● **Problem to work on**: Exact copies of all records below are needed.

Stored data entries
· · · · · · ·
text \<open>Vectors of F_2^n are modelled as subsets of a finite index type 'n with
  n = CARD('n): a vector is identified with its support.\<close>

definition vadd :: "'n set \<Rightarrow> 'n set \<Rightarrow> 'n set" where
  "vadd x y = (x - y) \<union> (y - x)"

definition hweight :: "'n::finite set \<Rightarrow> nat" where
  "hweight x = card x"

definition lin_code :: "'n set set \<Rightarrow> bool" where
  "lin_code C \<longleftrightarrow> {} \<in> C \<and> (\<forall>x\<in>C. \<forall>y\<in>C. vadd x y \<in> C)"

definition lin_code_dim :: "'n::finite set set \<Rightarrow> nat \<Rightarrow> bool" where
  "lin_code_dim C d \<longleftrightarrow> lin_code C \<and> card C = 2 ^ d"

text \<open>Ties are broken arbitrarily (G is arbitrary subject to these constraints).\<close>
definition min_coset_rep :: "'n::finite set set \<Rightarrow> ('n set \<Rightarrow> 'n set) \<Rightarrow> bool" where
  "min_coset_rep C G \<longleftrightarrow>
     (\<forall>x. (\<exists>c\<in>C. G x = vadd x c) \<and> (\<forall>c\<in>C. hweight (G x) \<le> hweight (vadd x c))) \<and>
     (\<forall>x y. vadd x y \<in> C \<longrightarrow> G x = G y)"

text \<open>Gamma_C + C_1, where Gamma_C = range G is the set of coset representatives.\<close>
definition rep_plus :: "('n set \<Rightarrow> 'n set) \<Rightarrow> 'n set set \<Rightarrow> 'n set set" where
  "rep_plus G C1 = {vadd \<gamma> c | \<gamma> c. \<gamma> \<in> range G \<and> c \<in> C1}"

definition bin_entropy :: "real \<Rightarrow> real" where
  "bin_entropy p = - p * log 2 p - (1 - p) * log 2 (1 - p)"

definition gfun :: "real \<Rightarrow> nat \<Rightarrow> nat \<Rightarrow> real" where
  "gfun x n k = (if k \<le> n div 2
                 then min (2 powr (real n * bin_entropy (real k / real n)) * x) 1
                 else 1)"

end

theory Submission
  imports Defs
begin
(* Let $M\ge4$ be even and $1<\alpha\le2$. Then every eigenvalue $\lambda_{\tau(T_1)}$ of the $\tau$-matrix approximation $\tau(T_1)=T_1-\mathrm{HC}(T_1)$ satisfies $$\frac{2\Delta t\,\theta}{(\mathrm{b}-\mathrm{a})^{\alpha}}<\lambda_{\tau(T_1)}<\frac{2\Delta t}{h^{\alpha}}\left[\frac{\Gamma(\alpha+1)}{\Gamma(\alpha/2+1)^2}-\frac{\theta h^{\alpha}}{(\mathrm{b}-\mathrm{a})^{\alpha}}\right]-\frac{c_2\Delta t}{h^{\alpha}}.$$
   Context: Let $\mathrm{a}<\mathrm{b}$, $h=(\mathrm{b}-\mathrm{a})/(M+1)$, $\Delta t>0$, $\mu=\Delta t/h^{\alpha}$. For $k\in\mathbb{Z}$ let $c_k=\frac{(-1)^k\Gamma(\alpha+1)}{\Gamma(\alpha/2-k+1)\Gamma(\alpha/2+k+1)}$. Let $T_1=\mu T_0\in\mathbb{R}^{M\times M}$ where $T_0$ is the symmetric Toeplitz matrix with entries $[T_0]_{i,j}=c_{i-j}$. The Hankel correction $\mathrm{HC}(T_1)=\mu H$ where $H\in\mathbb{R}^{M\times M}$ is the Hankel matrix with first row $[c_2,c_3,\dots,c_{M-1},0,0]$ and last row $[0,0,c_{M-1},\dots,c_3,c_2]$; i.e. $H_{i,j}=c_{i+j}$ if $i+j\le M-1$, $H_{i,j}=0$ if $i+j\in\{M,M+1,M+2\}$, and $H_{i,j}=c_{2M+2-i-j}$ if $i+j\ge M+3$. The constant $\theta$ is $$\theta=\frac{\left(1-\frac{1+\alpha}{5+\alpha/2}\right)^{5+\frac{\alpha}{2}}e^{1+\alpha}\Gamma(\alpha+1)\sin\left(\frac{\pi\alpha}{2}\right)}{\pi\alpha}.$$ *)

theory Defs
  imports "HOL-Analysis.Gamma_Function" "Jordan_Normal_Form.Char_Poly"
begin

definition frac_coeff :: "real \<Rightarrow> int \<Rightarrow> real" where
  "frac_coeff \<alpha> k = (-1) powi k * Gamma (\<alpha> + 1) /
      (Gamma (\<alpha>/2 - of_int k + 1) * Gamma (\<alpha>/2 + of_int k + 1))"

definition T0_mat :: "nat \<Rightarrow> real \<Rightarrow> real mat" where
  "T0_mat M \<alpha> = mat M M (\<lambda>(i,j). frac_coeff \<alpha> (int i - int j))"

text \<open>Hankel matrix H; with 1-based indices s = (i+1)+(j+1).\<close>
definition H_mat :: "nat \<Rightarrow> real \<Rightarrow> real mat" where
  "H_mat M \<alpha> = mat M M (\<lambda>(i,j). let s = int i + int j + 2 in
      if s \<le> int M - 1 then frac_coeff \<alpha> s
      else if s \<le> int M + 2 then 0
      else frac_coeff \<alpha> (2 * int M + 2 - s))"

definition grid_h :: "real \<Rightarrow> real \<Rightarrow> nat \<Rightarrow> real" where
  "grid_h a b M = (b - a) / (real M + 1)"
· · · · · · ·
● **Task result**:
text \<open>Vectors of F_2^n are modelled as subsets of a finite index type 'n with
  n = CARD('n): a vector is identified with its support.\<close>

definition vadd :: "'n set \<Rightarrow> 'n set \<Rightarrow> 'n set" where
  "vadd x y = (x - y) \<union> (y - x)"

definition hweight :: "'n::finite set \<Rightarrow> nat" where
  "hweight x = card x"

definition lin_code :: "'n set set \<Rightarrow> bool" where
  "lin_code C \<longleftrightarrow> {} \<in> C \<and> (\<forall>x\<in>C. \<forall>y\<in>C. vadd x y \<in> C)"

definition lin_code_dim :: "'n::finite set set \<Rightarrow> nat \<Rightarrow> bool" where
  "lin_code_dim C d \<longleftrightarrow> lin_code C \<and> card C = 2 ^ d"

text \<open>Ties are broken arbitrarily (G is arbitrary subject to these constraints).\<close>
definition min_coset_rep :: "'n::finite set set \<Rightarrow> ('n set \<Rightarrow> 'n set) \<Rightarrow> bool" where
  "min_coset_rep C G \<longleftrightarrow>
     (\<forall>x. (\<exists>c\<in>C. G x = vadd x c) \<and> (\<forall>c\<in>C. hweight (G x) \<le> hweight (vadd x c))) \<and>
     (\<forall>x y. vadd x y \<in> C \<longrightarrow> G x = G y)"

text \<open>Gamma_C + C_1, where Gamma_C = range G is the set of coset representatives.\<close>
definition rep_plus :: "('n set \<Rightarrow> 'n set) \<Rightarrow> 'n set set \<Rightarrow> 'n set set" where
  "rep_plus G C1 = {vadd \<gamma> c | \<gamma> c. \<gamma> \<in> range G \<and> c \<in> C1}"

definition bin_entropy :: "real \<Rightarrow> real" where
  "bin_entropy p = - p * log 2 p - (1 - p) * log 2 (1 - p)"

definition gfun :: "real \<Rightarrow> nat \<Rightarrow> nat \<Rightarrow> real" where
  "gfun x n k = (if k \<le> n div 2
                 then min (2 powr (real n * bin_entropy (real k / real n)) * x) 1
                 else 1)"

end

theory Submission
  imports Defs
begin
(* Let $M\ge4$ be even and $1<\alpha\le2$. Then every eigenvalue $\lambda_{\tau(T_1)}$ of the $\tau$-matrix approximation $\tau(T_1)=T_1-\mathrm{HC}(T_1)$ satisfies $$\frac{2\Delta t\,\theta}{(\mathrm{b}-\mathrm{a})^{\alpha}}<\lambda_{\tau(T_1)}<\frac{2\Delta t}{h^{\alpha}}\left[\frac{\Gamma(\alpha+1)}{\Gamma(\alpha/2+1)^2}-\frac{\theta h^{\alpha}}{(\mathrm{b}-\mathrm{a})^{\alpha}}\right]-\frac{c_2\Delta t}{h^{\alpha}}.$$
   Context: Let $\mathrm{a}<\mathrm{b}$, $h=(\mathrm{b}-\mathrm{a})/(M+1)$, $\Delta t>0$, $\mu=\Delta t/h^{\alpha}$. For $k\in\mathbb{Z}$ let $c_k=\frac{(-1)^k\Gamma(\alpha+1)}{\Gamma(\alpha/2-k+1)\Gamma(\alpha/2+k+1)}$. Let $T_1=\mu T_0\in\mathbb{R}^{M\times M}$ where $T_0$ is the symmetric Toeplitz matrix with entries $[T_0]_{i,j}=c_{i-j}$. The Hankel correction $\mathrm{HC}(T_1)=\mu H$ where $H\in\mathbb{R}^{M\times M}$ is the Hankel matrix with first row $[c_2,c_3,\dots,c_{M-1},0,0]$ and last row $[0,0,c_{M-1},\dots,c_3,c_2]$; i.e. $H_{i,j}=c_{i+j}$ if $i+j\le M-1$, $H_{i,j}=0$ if $i+j\in\{M,M+1,M+2\}$, and $H_{i,j}=c_{2M+2-i-j}$ if $i+j\ge M+3$. The constant $\theta$ is $$\theta=\frac{\left(1-\frac{1+\alpha}{5+\alpha/2}\right)^{5+\frac{\alpha}{2}}e^{1+\alpha}\Gamma(\alpha+1)\sin\left(\frac{\pi\alpha}{2}\right)}{\pi\alpha}.$$ *)

theory Defs
  imports "HOL-Analysis.Gamma_Function" "Jordan_Normal_Form.Char_Poly"
begin

definition frac_coeff :: "real \<Rightarrow> int \<Rightarrow> real" where
  "frac_coeff \<alpha> k = (-1) powi k * Gamma (\<alpha> + 1) /
      (Gamma (\<alpha>/2 - of_int k + 1) * Gamma (\<alpha>/2 + of_int k + 1))"

definition T0_mat :: "nat \<Rightarrow> real \<Rightarrow> real mat" where
  "T0_mat M \<alpha> = mat M M (\<lambda>(i,j). frac_coeff \<alpha> (int i - int j))"

text \<open>Hankel matrix H; with 1-based indices s = (i+1)+(j+1).\<close>
definition H_mat :: "nat \<Rightarrow> real \<Rightarrow> real mat" where
  "H_mat M \<alpha> = mat M M (\<lambda>(i,j). let s = int i + int j + 2 in
      if s \<le> int M - 1 then frac_coeff \<alpha> s
      else if s \<le> int M + 2 then 0
      else frac_coeff \<alpha> (2 * int M + 2 - s))"

definition grid_h :: "real \<Rightarrow> real \<Rightarrow> nat \<Rightarrow> real" where
  "grid_h a b M = (b - a) / (real M + 1)"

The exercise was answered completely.